BEGIN PROVIDED DATA
lemma remaining_minus_good_turing_deviation:
  assumes L: "0 < L"
  defines "lam \<equiv> \<Sum>u\<in>A. p u"
  defines "\<beta> \<equiv> (1 + sqrt 2) * sqrt (lam * L / real n) + L / (3 * real n)"
  shows "1 - 4 * exp (- L) \<le> prob {\<omega>\<in>space M. - \<beta> - lam / real n \<le> remaining A p X n \<omega> - good_turing A X n \<omega>
                                   \<and> remaining A p X n \<omega> - good_turing A X n \<omega> \<le> \<beta>}"
    (is "_ \<le> prob ?good")
proof -
  have [measurable]: "remaining A p X n \<in> borel_measurable M" "good_turing A X n \<in> borel_measurable M"
    by (rule measurable_remaining measurable_good_turing)+
  have good: "?good \<in> events" by measurable
  have \<beta>: "0 < \<beta>" using L n_pos p_range by (simp add: \<beta>_def lam_def sum_nonneg add_nonneg_pos)
  show ?thesis
  proof (cases "lam = 0")
    case True
    have "AE \<omega> in M. \<omega> \<in> ?good"
      using AE_remaining_good_turing_zero True \<beta> by (auto simp: lam_def elim!: AE_mp)
    then have "prob ?good = 1" using good by (simp add: prob_eq_1)
    then show ?thesis by simp
  next
    case False
    then have lam: "0 < lam" using p_range by (simp add: lam_def sum_nonneg order_less_le)
    define S where "S = sqrt (lam * L / real n)"
    define ER where "ER = (\<Sum>u\<in>A. p u * (1 - p u) ^ n)"
    define EH where "EH = (\<Sum>u\<in>A. p u * (1 - p u) ^ (n - 1))"
    have S2: "sqrt (2 * lam * L / real n) = sqrt 2 * S"
      by (simp add: S_def real_sqrt_mult[symmetric] mult.assoc)
    define E1 where "E1 = {\<omega>\<in>space M. S + L / (3 * real n) \<le> remaining A p X n \<omega> - ER}"
    define E2 where "E2 = {\<omega>\<in>space M. S \<le> ER - remaining A p X n \<omega>}"
    define E3 where "E3 = {\<omega>\<in>space M. sqrt 2 * S + L / (3 * real n) \<le> good_turing A X n \<omega> - EH}"
    define E4 where "E4 = {\<omega>\<in>space M. sqrt 2 * S \<le> EH - good_turing A X n \<omega>}"
    have events: "E1 \<in> events" "E2 \<in> events" "E3 \<in> events" "E4 \<in> events"
      unfolding E1_def E2_def E3_def E4_def by measurable
    have "prob E1 \<le> exp (- L)" "prob E2 \<le> exp (- L)"
      using remaining_tails[OF L] lam by (simp_all add: E1_def E2_def S_def ER_def lam_def)
    moreover have "prob E3 \<le> exp (- L)" "prob E4 \<le> exp (- L)"
      using good_turing_tails[OF L] lam S2 by (simp_all add: E3_def E4_def EH_def lam_def)
    moreover have "prob (E1 \<union> E2 \<union> E3 \<union> E4) \<le> prob E1 + prob E2 + prob E3 + prob E4"
      using events measure_Un_le[of E1 M E2] measure_Un_le[of "E1 \<union> E2" M E3]
        measure_Un_le[of "E1 \<union> E2 \<union> E3" M E4]
      by auto
    ultimately have union: "prob (E1 \<union> E2 \<union> E3 \<union> E4) \<le> 4 * exp (- L)" by linarith
    have bias: "- lam / real n \<le> ER - EH" "ER - EH \<le> 0"
      using expected_remaining_minus_good_turing by (simp_all add: ER_def EH_def lam_def)
    have \<beta>_S: "\<beta> = (1 + sqrt 2) * S + L / (3 * real n)" by (simp add: \<beta>_def S_def)
    have "space M - (E1 \<union> E2 \<union> E3 \<union> E4) \<subseteq> ?good"
    proof
      fix \<omega> assume \<omega>: "\<omega> \<in> space M - (E1 \<union> E2 \<union> E3 \<union> E4)"
      then have "remaining A p X n \<omega> - ER < S + L / (3 * real n)" "ER - remaining A p X n \<omega> < S"
        "good_turing A X n \<omega> - EH < sqrt 2 * S + L / (3 * real n)" "EH - good_turing A X n \<omega> < sqrt 2 * S"
        by (auto simp: E1_def E2_def E3_def E4_def)
      moreover have "(1 + sqrt 2) * S = S + sqrt 2 * S" by (simp add: distrib_right)
      ultimately show "\<omega> \<in> ?good" using \<omega> bias unfolding \<beta>_S by auto
    qed
    then have "prob (space M - (E1 \<union> E2 \<union> E3 \<union> E4)) \<le> prob ?good"
      by (rule finite_measure_mono[OF _ good])
    then show ?thesis
      using union events by (simp add: prob_compl)
  qed
qed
END PROVIDED DATA
PROBLEM TO SOLVE
Determine how many lines in the listing above contain the word "events". Provide that figure only.

EXPECTED ANSWER
4